Наконец-то я спокойно лежу на голых нарах после дня, полного стольких треволнений. Из сожителей моих кто еще разговаривает, покуривая трубку, а кто и храпит уже; сходили в баньку, попарились, потом напились казенных чайных помоев с хлебушком — и довольны: О завтрашнем дне стараются не думать. Этим-то свойством и держится темный человек, особенно арестант. Не обладай он счастливой способностью не заглядывать в будущее-жизнь стала бы невмоготу. Впрочем, видно, что холоду нагнал Шестиглазый большого: разговаривают полушепотом, ходят, в случае надобности, на носках. Да и надзиратели изо всех сил стараются поддержать этот страх: ежеминутно бегают, стуча ключами, по коридору, заглядывают в дверные форточки. В одной из камер попытались было запеть («Надо быть, молодые ребята!»); мы слышали, как тотчас же кинулось туда несколько пар ног, как раздались грозные оклики — и мгновенно все стихло.

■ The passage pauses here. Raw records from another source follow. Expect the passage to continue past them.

lemma slice_nonempty:
  assumes u: "norm u = 1" and K: "convex K" and e: "e \<in> K" "e' \<in> K"
    and r: "r \<in> closed_segment (e \<bullet> u) (e' \<bullet> u)"
  shows "slice u K r \<noteq> {}"
proof -
  have "linear (\<lambda>y::real^2. y \<bullet> u)"
    by (simp add: bounded_linear_inner_left bounded_linear.linear)
  then have "r \<in> (\<lambda>y. y \<bullet> u) ` closed_segment e e'"
    using r closed_segment_linear_image[of "\<lambda>y. y \<bullet> u" e e'] by simp
  then obtain y where "y \<in> closed_segment e e'" "y \<bullet> u = r"
    by blast
  moreover have "closed_segment e e' \<subseteq> K"
    using K e by (simp add: convex_contains_segment)
  ultimately have "y \<bullet> perp u \<in> slice u K r"
    using frame_point_inner[OF u, of y] by (auto simp: slice_def)
  then show ?thesis
    by blast
qed

lemma integral_fourier_wave_eq_width:
  assumes u: "norm u = 1" and K: "compact K"
  shows "integrable lborel (\<lambda>s. width u K s *\<^sub>R fourier_wave lam s)"
    and "integral K (\<lambda>y. fourier_wave lam (u \<bullet> y)) = (\<integral>s. width u K s *\<^sub>R fourier_wave lam s \<partial>lborel)"
proof -
  define g where "g y = indicator K y *\<^sub>R fourier_wave lam (u \<bullet> y)" for y
  have g: "integrable lborel g"
    unfolding g_def[abs_def] using K
    by (intro borel_integrable_compact) (auto intro!: continuous_intros simp: fourier_wave_def)
  have inner: "(\<integral>t. g (frame_point u (s, t)) \<partial>lborel) = width u K s *\<^sub>R fourier_wave lam s" for s
  proof -
    have "(\<integral>t. g (frame_point u (s, t)) \<partial>lborel) = (\<integral>t. indicator (slice u K s) t *\<^sub>R fourier_wave lam s \<partial>lborel)"
      using inner_frame_point(1)[OF u, of s] by (simp add: g_def slice_def indicator_def inner_commute)
    also have "\<dots> = width u K s *\<^sub>R fourier_wave lam s"
    proof -
      have "integrable lborel (indicator (slice u K s) :: real \<Rightarrow> real)"
        using compact_slice[OF u K, of s] emeasure_compact_finite[OF compact_slice[OF u K, of s]]
        by (simp add: integrable_indicator_iff borel_compact)
      then show ?thesis
        by (simp add: width_def)
    qed
    finally show ?thesis .
  qed
  show "integrable lborel (\<lambda>s. width u K s *\<^sub>R fourier_wave lam s)"
    using integral_lborel_frame_point(1)[OF u g] by (simp add: inner)
  have "g = (\<lambda>y. if y \<in> K then fourier_wave lam (u \<bullet> y) else 0)"
    by (simp add: g_def fun_eq_iff indicator_def)
  then have "integral K (\<lambda>y. fourier_wave lam (u \<bullet> y)) = integral UNIV g"
    by (simp add: integral_restrict_UNIV)
  also have "\<dots> = (\<integral>y. g y \<partial>lborel)"
    using g by (rule integral_lborel)
  also have "\<dots> = (\<integral>s. width u K s *\<^sub>R fourier_wave lam s \<partial>lborel)"
    using integral_lborel_frame_point(2)[OF u g] by (simp add: inner)
  finally show "integral K (\<lambda>y. fourier_wave lam (u \<bullet> y)) = (\<integral>s. width u K s *\<^sub>R fourier_wave lam s \<partial>lborel)" .
qed

text \<open>Membership in a closed set replaces the frontier condition of the rolling hypothesis
  (see \<open>rolls_unimpeded_touches_inside\<close>).\<close>

definition touches_inside :: "(real^2) set \<Rightarrow> real^2 \<Rightarrow> real \<Rightarrow> real^2 \<Rightarrow> bool" where
  "touches_inside K c R x \<longleftrightarrow> (\<exists>t. (\<lambda>y. t + y) ` K \<subseteq> cball c R \<and> x \<in> (\<lambda>y. t + y) ` K)"

lemma touches_insideE:
  assumes "touches_inside K c R x"
  obtains t e where "\<forall>y\<in>K. norm (t + y - c) \<le> R" "e \<in> K" "t + e = x"
proof -
  obtain t where t: "(\<lambda>y. t + y) ` K \<subseteq> cball c R" "x \<in> (\<lambda>y. t + y) ` K"
    using assms unfolding touches_inside_def by blast
  have "norm (t + y - c) \<le> R" if "y \<in> K" for y
    using t(1) that by (auto simp: dist_norm norm_minus_commute)
  moreover obtain e where "e \<in> K" "t + e = x"
    using t(2) by blast
  ultimately show ?thesis
    using that by blast
qed

lemma rolls_unimpeded_touches_inside:
  assumes "rolls_unimpeded_in \<Omega> c R" "x \<in> sphere c R"
  shows "touches_inside (closure \<Omega>) c R x"
proof -
  obtain t where t: "(\<lambda>y. t + y) ` \<Omega> \<subseteq> cball c R" "x \<in> frontier ((\<lambda>y. t + y) ` \<Omega>)"
    using assms unfolding rolls_unimpeded_in_def by blast
  have closure_image: "closure ((\<lambda>y. t + y) ` \<Omega>) = (\<lambda>y. t + y) ` closure \<Omega>"
    by (rule closure_translation)
  have "closure ((\<lambda>y. t + y) ` \<Omega>) \<subseteq> cball c R"
    using t(1) by (rule closure_minimal) simp
  then have "(\<lambda>y. t + y) ` closure \<Omega> \<subseteq> cball c R"
    by (simp only: closure_image)
  moreover have "x \<in> (\<lambda>y. t + y) ` closure \<Omega>"
    using t(2) closure_image unfolding frontier_def by blast
  ultimately show ?thesis
    unfolding touches_inside_def by blast
qed

lemma norm_integral_fourier_wave_le:
  assumes u: "norm u = 1" and K: "compact K" "convex K"
    and touch: "touches_inside K c R (c + R *\<^sub>R u)" "touches_inside K c R (c - R *\<^sub>R u)"
    and lam: "0 < lam"
  shows "norm (integral K (\<lambda>y. fourier_wave lam (u \<bullet> y))) \<le> 2 * sqrt (2 * R) * lam powr (-3/2)"
proof -
  have u': "norm (- u) = 1"
    using u by simp
  obtain t e where "\<forall>y\<in>K. norm (t + y - c) \<le> R" and e: "e \<in> K" "t + e = c + R *\<^sub>R u"
    using touch(1) by (rule touches_insideE)
  then have ball: "\<And>y. y \<in> K \<Longrightarrow> norm (t + y - c) \<le> R"
    by blast
  have "touches_inside K c R (c + R *\<^sub>R (- u))"
    using touch(2) by simp
  then obtain t' e' where "\<forall>y\<in>K. norm (t' + y - c) \<le> R" and e': "e' \<in> K" "t' + e' = c + R *\<^sub>R (- u)"
    by (rule touches_insideE)
  then have ball': "\<And>y. y \<in> K \<Longrightarrow> norm (t' + y - c) \<le> R"
    by blast
  have R: "0 \<le> R"
    using ball[OF e(1)] norm_ge_zero order_trans by blast
  define a where "a = e' \<bullet> u"
  define b where "b = e \<bullet> u"
  have level: "a \<le> y \<bullet> u" "y \<bullet> u \<le> b" if "y \<in> K" for y
    using inner_le_of_touching[OF u ball[OF that] e(2)] inner_le_of_touching[OF u' ball'[OF that] e'(2)]
    by (simp_all add: a_def b_def)
  have outside: "width u K s = 0" if "s < a \<or> b < s" for s
  proof -
    have "slice u K s = {}"
      using that level inner_frame_point(1)[OF u] by (force simp: slice_def)
    then show ?thesis
      by (simp add: width_def)
  qed
  have near_b: "width u K s \<le> 2 * sqrt (2 * R) * sqrt (b - s)" if "s \<le> b" for s
    using width_le_of_touching[OF u K(1) ball e] that by (simp add: b_def)
  have near_a: "width u K s \<le> 2 * sqrt (2 * R) * sqrt (s - a)" if "a \<le> s" for s
    using width_le_of_touching[OF u' K(1) ball' e', of "- s"] that width_uminus[OF u K(1), of s]
    by (simp add: a_def)
  have concave: "width u K (s - h) + width u K (s + h) \<le> 2 * width u K s"
    if "0 \<le> h" "a \<le> s - h" "s + h \<le> b" for s h
  proof (rule width_midpoint_concave[OF u K])
    have "closed_segment (e' \<bullet> u) (e \<bullet> u) = {a..b}"
      using that by (simp add: a_def b_def closed_segment_eq_real_ivl)
    then show "slice u K (s - h) \<noteq> {}" "slice u K (s + h) \<noteq> {}"
      using that slice_nonempty[OF u K(2) e'(1) e(1), of "s - h"] slice_nonempty[OF u K(2) e'(1) e(1), of "s + h"]
      by simp_all
  qed
  have width_integrable: "integrable lborel (width u K)"
  proof -
    have "integrable lborel (\<lambda>s. norm (width u K s *\<^sub>R fourier_wave lam s))"
      using integral_fourier_wave_eq_width(1)[OF u K(1)] by (rule integrable_norm)
    then show ?thesis
      by (simp add: width_def[abs_def])
  qed
  show ?thesis
    unfolding integral_fourier_wave_eq_width(2)[OF u K(1)]
    by (rule norm_fourier_integral_concave_profile_le[OF width_integrable _ outside near_a near_b concave _ lam])
      (simp_all add: width_def R)
qed

lemma integral_closure_convex:
  fixes f :: "'a::euclidean_space \<Rightarrow> 'b::banach"
  assumes "convex S"
  shows "integral (closure S) f = integral S f"
proof (rule integral_spike_set)
  have "{x \<in> S - closure S. f x \<noteq> 0} = {}"
    using closure_subset by blast
  then show "negligible {x \<in> S - closure S. f x \<noteq> 0}"
    by (simp only: negligible_empty)
  show "negligible {x \<in> closure S - S. f x \<noteq> 0}"
    using negligible_convex_frontier[OF assms]
    by (rule negligible_subset) (auto simp: frontier_def dest: subsetD[OF interior_subset])
qed

theorem theorem6:
  fixes \<Omega> :: "(real^2) set"
  assumes "bounded \<Omega>" and "convex \<Omega>" and "measure lebesgue \<Omega> > 0"
    and "\<exists>c R. rolls_unimpeded_in \<Omega> c R"
  shows "\<exists>C. \<forall>\<xi>::real^2. \<xi> \<noteq> 0 \<longrightarrow> norm (fourier_char \<Omega> \<xi>) \<le> C * norm \<xi> powr (-3/2)"
proof -
  obtain c R where roll: "rolls_unimpeded_in \<Omega> c R"
    using assms(4) by blast
  have K: "compact (closure \<Omega>)" "convex (closure \<Omega>)"
    using assms(1,2) by (simp_all add: compact_closure convex_closure)
  have "norm (fourier_char \<Omega> \<xi>) \<le> 2 * sqrt (2 * R) * norm \<xi> powr (-3/2)" if "\<xi> \<noteq> 0" for \<xi>
  proof -
    define u where "u = \<xi> /\<^sub>R norm \<xi>"
    have u: "norm u = 1" and \<xi>: "\<xi> = norm \<xi> *\<^sub>R u"
      using that by (simp_all add: u_def)
    have "c + R *\<^sub>R u \<in> sphere c R" "c - R *\<^sub>R u \<in> sphere c R"
      using roll u by (simp_all add: rolls_unimpeded_in_def dist_norm)
    then have touch: "touches_inside (closure \<Omega>) c R (c + R *\<^sub>R u)"
      "touches_inside (closure \<Omega>) c R (c - R *\<^sub>R u)"
      using roll by (simp_all add: rolls_unimpeded_touches_inside)
    have "fourier_char \<Omega> \<xi> = integral (closure \<Omega>) (\<lambda>y. fourier_wave (norm \<xi>) (u \<bullet> y))"
      unfolding fourier_char_def integral_closure_convex[OF assms(2)]
      by (subst \<xi>) (simp add: fourier_wave_def)
    then show ?thesis
      using norm_integral_fourier_wave_le[OF u K touch] that by simp
  qed
  then show ?thesis
    by blast
qed

end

— Ну и Шелай! — сокрушенно вздыхает мой сосед Чирок, арестант лет под сорок, с испитым бледным лицом, но могучего сложения и крепкого еще здоровья. Он сидит на нарах, по-турецки сложив ноги, посасывает папироску и поминутно сплевывает на пол.

— Тут издохнешь, в этой тюрьме, при такой строгости, — поддерживает его красавец бондарь Малахов, брюнет с великолепной курчавой бородой и маленькими синими глазками. Я вглядываюсь в Малахова: это тоже атлет, в плечах, пожалуй, пошире самого Чирка. Поступь у него уверенная и правильная; движения исполнены достоинства.

— Хм! — фыркает он. — Подстилки — и те отобрали, на голых нарах изволь спать.

— Завтра обещали казенные тюфяки выдать.

Малахов сам слышал это, но он раздражен и никакими обещаниями удовлетворяться не склонен.

— Хм! — продолжает он. — Образцовая тюрьма… Да где ж справедливость? Почему одного в Алгачи посылают, в Покровское или в Александровский централ, где он каторгу шутя отбудет во сне да в еде, а другого в образцовую тюрьму законопатят, где всячески будут стязать его, мучить?

— Это не Шелайский, а прямо шальной рудник! — сентенциозно заявляет кузнец Водянин, больше известный под прозвищем Железного Кота. Это маленький невзрачный человек, не первой уже молодости, но бойкий и острый на язык. В хорошем расположении духа он постоянно говорит созвучиями и рифмами.

— У меня иголку отобрали, — заявляет Чирок жалобным голосом.

Для Малахова это то же, что масло на огонь. Он еще пуще начинает сердится.

— Как же, братец, не отобрать? Еще зарезаться можешь… Начальство заботится о нашем брате… Эхма! А все, знаешь, кто виноват?

— Кто?

— Дохтура! Они самые. Все под предлогом, будто здоровье арестантов чистоты и порядка требует. А сами норовят, как бы больше сюда зацапать, в мошну, да как бы из нашего брата получше кровь высосать![24]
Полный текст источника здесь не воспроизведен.